ENGLEWOOD, Colo. – The Denver Broncos know a proven starting quarterback doesn’t make it to the open market unless his former team elected to let him go or he has some baggage.
That baggage can be past injuries or surgeries, it can be of the worn-out-the-welcome variety, or it can be that somebody else decided it was time to make a change. But bottom line is the slam-dunk, can’t-miss guy behind center isn’t out there very often.
Former Tennessee Titans general manager Floyd Reese once said, “You have a better chance of signing Bigfoot."
Enter Mark Sanchez, the first of the Broncos’ moves to fill the depth chart at quarterback. On Friday, the Broncos traded a conditional seventh-round pick in the 2017 draft to the Philadelphia Eagles to acquire the 29-year-old Sanchez.
Sanchez has four playoff wins but was little more than parsley on the plate for the Eagles, with Sam Bradford having just signed -- for two years, $36 million -- to be the starter and Chase Daniel having just signed to a three-year, $21 million deal to be the backup.
With Peyton Manning retiring and Brock Osweiler being offered more in free agency by the Houston Texans, the Broncos aggressively returned to the quarterback market Wednesday.
Sanchez, as Broncos executive vice president of football operations/general manager John Elway said on Twitter, is just the first step. The Broncos are still looking for veteran help and will give heavy consideration to using a premium draft pick on a quarterback in April.
But the Broncos have entered the quarterback market on Elway’s watch before, and they made it work -- in historic, championship fashion -- when they signed the surgically repaired Manning in 2012. They have been forced into a position to try this again, to replace Manning with Sanchez and another player or two to be identified later.
Sanchez, who signed with the Eagles in 2014, certainly fits the available-former-starter model. He hasn’t started more than eight games in a season since 2012, but overall, he is 37-35 as a starter in the regular season and 4-2 in the playoffs.
Sanchez will turn 30 in November, but he gives the Broncos a player with 78 career starts -- regular season and postseason combined -- to start the reconstruction. He is in the final year of a two-year contract signed with the Eagles in March, and he was slated to have a $5.5 million salary-cap charge in the upcoming season, which would give the Eagles three quarterbacks with cap figures of at least $5 million -- a good indicator of why they were ready to move Sanchez.

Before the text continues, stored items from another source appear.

(* Let $f:[0,\infty)\to[0,\infty)$ be continuously differentiable with $f>0$ on $[t_0,\infty)$ for some $t_0\ge0$ and $f\in C^2([t_0,\infty))$, let $g=\log f$ on $[t_0,\infty)$, and assume condition (H1) of the context. Then for every $M>0$, $$\lim_{t\to\infty}\sup_{-M\le y\le M}\left|\frac{g'\big(t+\frac{y}{g'(t)}\big)}{g'(t)}-1\right|=0.$$
   Context: Condition (H1): (i) $g'(t)>0$ and $g''(t)>0$ for all $t\ge t_0$, and there is a pair $(q,p)$ with either $q=1$ and $p\in(0,\infty]$, or $q\in(1,\infty)$ and $p\in(0,\infty)$, such that $\lim_{t\to\infty}\frac{g'(t)^2}{g(t)g''(t)}=q$ and $\lim_{t\to\infty}\frac{tg'(t)}{g(t)}=p$; (ii) if $q=1$, then $tg'(t)/g(t)$ is nondecreasing on $[t_0,\infty)$ and there exist $k\in\mathbb{N}$ and $\hat g\in C^2([t_0,\infty))$ with $f=\exp_k\circ\hat g$ and $\hat g'/\hat g$ nonincreasing on $[t_0,\infty)$ ($\exp_1=\exp$, $\exp_k=\exp_{k-1}\circ\exp$). *)

theory Defs
  imports "HOL-Analysis.Analysis"
begin

definition exp_iter :: "nat \<Rightarrow> real \<Rightarrow> real" where
  "exp_iter k = (exp ^^ k)"

end

theory Submission
  imports Defs "HOL-Real_Asymp.Real_Asymp"
begin

(* Since g'' > 0, g' is increasing and g grows at least linearly, so the hypothesis
   g'^2 / (g g'') \<rightarrow> q \<ge> 1 forces (1/g')' = -g''/g'^2 \<rightarrow> 0. Hence 1/g' is eventually
   Lipschitz with an arbitrarily small constant \<eta>; on the window |s| \<le> M/g'(t) this gives
   |1/g'(t+s) - 1/g'(t)| \<le> \<eta> M / g'(t), i.e. g'(t)/g'(t+s) is within \<eta> M of 1. *)

lemma mono_on_atLeast_if_deriv_nonneg:
  fixes u u' :: "real \<Rightarrow> real"
  assumes deriv: "\<And>x. x \<ge> a \<Longrightarrow> (u has_real_derivative u' x) (at x within {a..})"
    and nonneg: "\<And>x. x \<ge> a \<Longrightarrow> u' x \<ge> 0"
  shows "mono_on {a..} u"
proof (rule mono_onI)
  fix r s assume "r \<in> {a..}" "s \<in> {a..}" "r \<le> s"
  have "\<exists>x\<in>{r..s}. u s - u r = u' x * (s - r)"
  proof (rule mvt_very_simple[OF \<open>r \<le> s\<close>])
    fix x assume "r \<le> x" "x \<le> s"
    then have "(u has_real_derivative u' x) (at x within {r..s})"
      using deriv[of x] \<open>r \<in> {a..}\<close> by (auto intro: DERIV_subset)
    then show "(u has_derivative (\<lambda>h. u' x * h)) (at x within {r..s})"
      by (simp add: has_field_derivative_def mult_commute_abs)
  qed
  then obtain x where "x \<in> {r..s}" "u s - u r = u' x * (s - r)" by blast
  moreover have "u' x \<ge> 0" using nonneg \<open>x \<in> {r..s}\<close> \<open>r \<in> {a..}\<close> by auto
  ultimately show "u r \<le> u s"
    using \<open>r \<le> s\<close> mult_nonneg_nonneg[of "u' x" "s - r"] by linarith
qed

lemma filterlim_at_top_if_deriv_ge_pos:
  fixes u u' :: "real \<Rightarrow> real"
  assumes deriv: "\<And>x. x \<ge> a \<Longrightarrow> (u has_real_derivative u' x) (at x within {a..})"
    and lower: "\<And>x. x \<ge> a \<Longrightarrow> u' x \<ge> c" and "c > 0"
  shows "filterlim u at_top at_top"
proof -
  have "mono_on {a..} (\<lambda>x. u x - c * x)"
    using deriv lower
    by (intro mono_on_atLeast_if_deriv_nonneg[where u' = "\<lambda>x. u' x - c"])
       (auto intro!: derivative_eq_intros)
  then have linear_bound: "u a + c * (x - a) \<le> u x" if "x \<ge> a" for x
    using that by (auto dest: mono_onD[of _ _ a x] simp: algebra_simps)
  have "filterlim (\<lambda>x. u a + c * (x - a)) at_top at_top"
    using \<open>c > 0\<close> by real_asymp
  moreover have "eventually (\<lambda>x. u a + c * (x - a) \<le> u x) at_top"
    using eventually_ge_at_top[of a] by eventually_elim (rule linear_bound)
  ultimately show ?thesis
    by (rule filterlim_at_top_mono)
qed

lemma eventually_lipschitz_if_deriv_tendsto_0:
  fixes v v' :: "real \<Rightarrow> real"
  assumes deriv: "\<And>x. x \<ge> a \<Longrightarrow> (v has_real_derivative v' x) (at x within {a..})"
    and lim: "(v' \<longlongrightarrow> 0) at_top" and "\<eta> > 0"
  obtains T where "T \<ge> a" "\<And>x z. x \<ge> T \<Longrightarrow> z \<ge> T \<Longrightarrow> \<bar>v z - v x\<bar> \<le> \<eta> * \<bar>z - x\<bar>"
proof -
  have "eventually (\<lambda>x. \<bar>v' x\<bar> \<le> \<eta>) at_top"
    using tendstoD[OF lim \<open>\<eta> > 0\<close>] by eventually_elim (simp add: dist_norm)
  then obtain T0 where T0: "\<And>x. x \<ge> T0 \<Longrightarrow> \<bar>v' x\<bar> \<le> \<eta>"
    by (auto simp: eventually_at_top_linorder)
  define T where "T = max a T0"
  have "\<bar>v z - v x\<bar> \<le> \<eta> * \<bar>z - x\<bar>" if "x \<ge> T" "z \<ge> T" for x z
  proof -
    have "norm (v z - v x) \<le> \<eta> * norm (z - x)"
    proof (rule field_differentiable_bound[where S = "{T..}"])
      fix w assume "w \<in> {T..}"
      then show "(v has_field_derivative v' w) (at w within {T..})"
        using deriv[of w] by (auto simp: T_def intro: DERIV_subset)
      show "norm (v' w) \<le> \<eta>" using T0[of w] \<open>w \<in> {T..}\<close> by (simp add: T_def)
    qed (use that in auto)
    then show ?thesis by simp
  qed
  then show ?thesis using that[of T] by (simp add: T_def)
qed

lemma tendsto_SUP_abs_0_if_uniform:
  fixes h :: "'a \<Rightarrow> 'b \<Rightarrow> real"
  assumes "S \<noteq> {}"
    and uniform: "\<And>e. e > 0 \<Longrightarrow> eventually (\<lambda>x. \<forall>y\<in>S. \<bar>h x y\<bar> \<le> e) F"
  shows "((\<lambda>x. SUP y\<in>S. \<bar>h x y\<bar>) \<longlongrightarrow> 0) F"
proof (rule tendstoI)
  fix e :: real assume "e > 0"
  have "eventually (\<lambda>x. \<forall>y\<in>S. \<bar>h x y\<bar> \<le> e / 2) F"
    using \<open>e > 0\<close> by (intro uniform) simp
  then show "eventually (\<lambda>x. dist (SUP y\<in>S. \<bar>h x y\<bar>) 0 < e) F"
  proof eventually_elim
    case (elim x)
    obtain y where "y \<in> S" using \<open>S \<noteq> {}\<close> by blast
    have "0 \<le> \<bar>h x y\<bar>" by simp
    also have "\<dots> \<le> (SUP y\<in>S. \<bar>h x y\<bar>)"
      using elim \<open>y \<in> S\<close> by (intro cSUP_upper bdd_aboveI2[where M = "e / 2"]) auto
    finally have "0 \<le> (SUP y\<in>S. \<bar>h x y\<bar>)" .
    moreover have "(SUP y\<in>S. \<bar>h x y\<bar>) \<le> e / 2"
      using elim \<open>S \<noteq> {}\<close> by (intro cSUP_least) auto
    ultimately show ?case using \<open>e > 0\<close> by (simp add: dist_norm)
  qed
qed

lemma abs_ratio_sub_1_le_if_abs_inverse_diff_le:
  fixes x y \<delta> :: real
  assumes "x > 0" "y > 0" "\<bar>inverse y - inverse x\<bar> \<le> \<delta> / x" "\<delta> \<le> 1 / 2"
  shows "\<bar>y / x - 1\<bar> \<le> 2 * \<delta>"
proof -
  define r where "r = x / y"
  have "r - 1 = (inverse y - inverse x) * x"
    using assms(1,2) by (simp add: r_def field_simps)
  then have r_close: "\<bar>r - 1\<bar> \<le> \<delta>"
    using assms(1,3) by (simp add: abs_mult field_simps)
  then have "r \<ge> 1 / 2" using assms(4) by linarith
  have "\<bar>y / x - 1\<bar> = \<bar>r - 1\<bar> / r"
    using assms(1,2) \<open>r \<ge> 1 / 2\<close> by (simp add: r_def field_simps abs_minus_commute)
  also have "\<dots> \<le> \<delta> / (1 / 2)"
    using r_close \<open>r \<ge> 1 / 2\<close> by (intro frac_le) auto
  finally show ?thesis by simp
qed

lemma tendsto_deriv2_over_deriv_square_0:
  fixes g g' g'' :: "'a \<Rightarrow> real"
  assumes "filterlim g at_top F" "((\<lambda>t. g' t ^ 2 / (g t * g'' t)) \<longlongrightarrow> q) F" "q \<noteq> 0"
  shows "((\<lambda>t. g'' t / g' t ^ 2) \<longlongrightarrow> 0) F"
proof -
  have "((\<lambda>t. inverse (g t) * inverse (g' t ^ 2 / (g t * g'' t))) \<longlongrightarrow> 0) F"
    using tendsto_mult[OF tendsto_inverse_0_at_top[OF assms(1)] tendsto_inverse[OF assms(2,3)]]
    by simp
  moreover have "eventually (\<lambda>t. g t \<noteq> 0) F"
    using filterlim_at_top_dense[THEN iffD1, OF assms(1), rule_format, of 0] by eventually_elim auto
  then have "eventually (\<lambda>t. inverse (g t) * inverse (g' t ^ 2 / (g t * g'' t)) = g'' t / g' t ^ 2) F"
    by eventually_elim (simp add: field_simps)
  ultimately show ?thesis
    by (rule Lim_transform_eventually)
qed

(* In the language of regular variation: 1/u is self-neglecting, because (1/u)' \<rightarrow> 0. *)
lemma tendsto_SUP_shifted_ratio_if_deriv_over_square_tendsto_0:
  fixes u u' :: "real \<Rightarrow> real"
  assumes deriv: "\<And>x. x \<ge> a \<Longrightarrow> (u has_real_derivative u' x) (at x within {a..})"
    and lower: "\<And>x. x \<ge> a \<Longrightarrow> u x \<ge> c" and "c > 0"
    and lim: "((\<lambda>x. u' x / u x ^ 2) \<longlongrightarrow> 0) at_top" and "M > 0"
  shows "((\<lambda>t. SUP y\<in>{-M..M}. \<bar>u (t + y / u t) / u t - 1\<bar>) \<longlongrightarrow> 0) at_top"
proof (rule tendsto_SUP_abs_0_if_uniform)
  show "{-M..M} \<noteq> {}" using \<open>M > 0\<close> by simp
  fix e :: real assume "e > 0"
  define \<delta> where "\<delta> = min (1 / 2) (e / 2)"
  have "\<delta> > 0" "\<delta> \<le> 1 / 2" "2 * \<delta> \<le> e" using \<open>e > 0\<close> by (auto simp: \<delta>_def)
  have u_pos: "u x > 0" if "x \<ge> a" for x
    using lower[OF that] \<open>c > 0\<close> by linarith
  have inverse_deriv:
    "((\<lambda>x. inverse (u x)) has_real_derivative - (u' x / u x ^ 2)) (at x within {a..})"
    if "x \<ge> a" for x
    using DERIV_inverse_fun[OF deriv[OF that]] u_pos[OF that]
    by (simp add: divide_inverse power2_eq_square)
  have "((\<lambda>x. - (u' x / u x ^ 2)) \<longlongrightarrow> 0) at_top"
    using tendsto_minus[OF lim] by simp
  then obtain T where "T \<ge> a" and lipschitz:
    "\<And>x z. x \<ge> T \<Longrightarrow> z \<ge> T \<Longrightarrow> \<bar>inverse (u z) - inverse (u x)\<bar> \<le> \<delta> / M * \<bar>z - x\<bar>"
    using eventually_lipschitz_if_deriv_tendsto_0[OF inverse_deriv] \<open>\<delta> > 0\<close> \<open>M > 0\<close>
    by (metis divide_pos_pos)
  show "eventually (\<lambda>t. \<forall>y\<in>{-M..M}. \<bar>u (t + y / u t) / u t - 1\<bar> \<le> e) at_top"
    using eventually_ge_at_top[of "T + M / c"]
  proof eventually_elim
    case (elim t)
    have "t \<ge> T" using elim \<open>M > 0\<close> \<open>c > 0\<close> divide_pos_pos[of M c] by linarith
    then have "u t \<ge> c" "u t > 0" using \<open>T \<ge> a\<close> lower u_pos by auto
    show ?case
    proof
      fix y assume "y \<in> {-M..M}"
      define s where "s = y / u t"
      have "\<bar>s\<bar> \<le> M / u t"
        using \<open>y \<in> {-M..M}\<close> \<open>u t > 0\<close> by (simp add: s_def abs_le_iff divide_right_mono)
      moreover have "M / u t \<le> M / c"
        using \<open>M > 0\<close> \<open>c > 0\<close> \<open>u t \<ge> c\<close> by (simp add: frac_le)
      ultimately have "t + s \<ge> T" using elim by (simp add: abs_le_iff)
      then have "\<bar>inverse (u (t + s)) - inverse (u t)\<bar> \<le> \<delta> / M * \<bar>s\<bar>"
        using lipschitz[OF \<open>t \<ge> T\<close> \<open>t + s \<ge> T\<close>] by simp
      also have "\<dots> \<le> \<delta> / M * (M / u t)"
        using \<open>\<bar>s\<bar> \<le> M / u t\<close> \<open>\<delta> > 0\<close> \<open>M > 0\<close> by (intro mult_left_mono) auto
      also have "\<dots> = \<delta> / u t" using \<open>M > 0\<close> by simp
      finally have "\<bar>u (t + s) / u t - 1\<bar> \<le> 2 * \<delta>"
        using \<open>\<delta> \<le> 1 / 2\<close> \<open>u t > 0\<close> u_pos \<open>t + s \<ge> T\<close> \<open>T \<ge> a\<close>
        by (intro abs_ratio_sub_1_le_if_abs_inverse_diff_le) auto
      then show "\<bar>u (t + y / u t) / u t - 1\<bar> \<le> e"
        using \<open>2 * \<delta> \<le> e\<close> by (simp add: s_def)
    qed
  qed
qed

theorem lemma2p5:
  fixes f f' f'' g g' g'' :: "real \<Rightarrow> real" and t0 :: real
  assumes t0: "t0 \<ge> 0"
    and f_nonneg: "\<And>t. t \<ge> 0 \<Longrightarrow> f t \<ge> 0"
    and f_C1: "\<And>t. t \<ge> 0 \<Longrightarrow> (f has_real_derivative f' t) (at t within {0..})"
    and f'_cont: "continuous_on {0..} f'"
    and f_pos: "\<And>t. t \<ge> t0 \<Longrightarrow> f t > 0"
    and f_C2: "\<And>t. t \<ge> t0 \<Longrightarrow> (f' has_real_derivative f'' t) (at t within {t0..})"
    and f''_cont: "continuous_on {t0..} f''"
    and g_def: "\<And>t. t \<ge> t0 \<Longrightarrow> g t = ln (f t)"
    and g_deriv: "\<And>t. t \<ge> t0 \<Longrightarrow> (g has_real_derivative g' t) (at t within {t0..})"
    and g'_deriv: "\<And>t. t \<ge> t0 \<Longrightarrow> (g' has_real_derivative g'' t) (at t within {t0..})"
    and H1_i: "\<And>t. t \<ge> t0 \<Longrightarrow> g' t > 0 \<and> g'' t > 0"
    and H1: "\<exists>(q::real) (p::ereal).
              ((q = 1 \<and> 0 < p) \<or> (q > 1 \<and> 0 < p \<and> p < \<infinity>)) \<and>
              ((\<lambda>t. g' t ^ 2 / (g t * g'' t)) \<longlongrightarrow> q) at_top \<and>
              ((\<lambda>t. ereal (t * g' t / g t)) \<longlongrightarrow> p) at_top \<and>
              (q = 1 \<longrightarrow>
                 mono_on {t0..} (\<lambda>t. t * g' t / g t) \<and>
                 (\<exists>(k::nat) gh gh' gh''. k \<ge> 1 \<and>
                    (\<forall>t\<ge>t0. (gh has_real_derivative gh' t) (at t within {t0..})) \<and>
                    (\<forall>t\<ge>t0. (gh' has_real_derivative gh'' t) (at t within {t0..})) \<and>
                    continuous_on {t0..} gh'' \<and>
                    (\<forall>t\<ge>t0. f t = exp_iter k (gh t)) \<and>
                    antimono_on {t0..} (\<lambda>t. gh' t / gh t)))"
  shows "\<forall>M>0. ((\<lambda>t. SUP y\<in>{-M..M}. \<bar>g' (t + y / g' t) / g' t - 1\<bar>) \<longlongrightarrow> 0) at_top"
proof (intro allI impI)
  fix M :: real assume "M > 0"
  obtain q where q_lim: "((\<lambda>t. g' t ^ 2 / (g t * g'' t)) \<longlongrightarrow> q) at_top" and "q \<ge> 1"
    using H1 by force
  have "g'' t \<ge> 0" if "t \<ge> t0" for t
    using H1_i[OF that] by simp
  then have "mono_on {t0..} g'"
    using g'_deriv by (rule mono_on_atLeast_if_deriv_nonneg[rotated])
  then have g'_lower: "g' t \<ge> g' t0" if "t \<ge> t0" for t
    using that by (auto intro: mono_onD)
  have "g' t0 > 0" using H1_i by blast
  have "filterlim g at_top at_top"
    using g_deriv g'_lower \<open>g' t0 > 0\<close> by (rule filterlim_at_top_if_deriv_ge_pos)
  then have "((\<lambda>t. g'' t / g' t ^ 2) \<longlongrightarrow> 0) at_top"
    using q_lim \<open>q \<ge> 1\<close> by (intro tendsto_deriv2_over_deriv_square_0) auto
  then show "((\<lambda>t. SUP y\<in>{-M..M}. \<bar>g' (t + y / g' t) / g' t - 1\<bar>) \<longlongrightarrow> 0) at_top"
    using g'_deriv g'_lower \<open>g' t0 > 0\<close> \<open>M > 0\<close>
    by (intro tendsto_SUP_shifted_ratio_if_deriv_over_square_tendsto_0)
qed

end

Sanchez joins Trevor Siemian, who worked as the Broncos’ No. 2 quarterback last season, when Manning missed seven starts with a left foot injury. Siemian was a seventh-round pick by the Broncos last year, and coach Gary Kubiak has said he “has a pro arm, no question." The Broncos see him as a player who could compete to start down the road.
Even so, the Broncos aren’t finished. They’ve talked plenty inside the walls of their suburban Denver complex about how Robert Griffin III would fit in their offense. Griffin will likely take team visits, and ESPN’s Adam Schefter has reported that Griffin had a visit scheduled with the New York Jets. The Broncos have talked with the San Francisco 49ers about a trade for Colin Kaepernick, but Kaepernick's current contract doesn't match the Broncos' salary-cap room and would need significant adjustment.
Almost immediately after Osweiler moved on, Elway said the Broncos would explore “other options" at quarterback. Getting a former starter for a conditional seventh-round draft pick made Sanchez a low-risk investment as the team's opening move.
The Broncos aren’t finished, but less than 12 hours after Osweiler was formally introduced as the Texans’ new franchise-quarterback hopeful, the Broncos showed that they too have already moved on.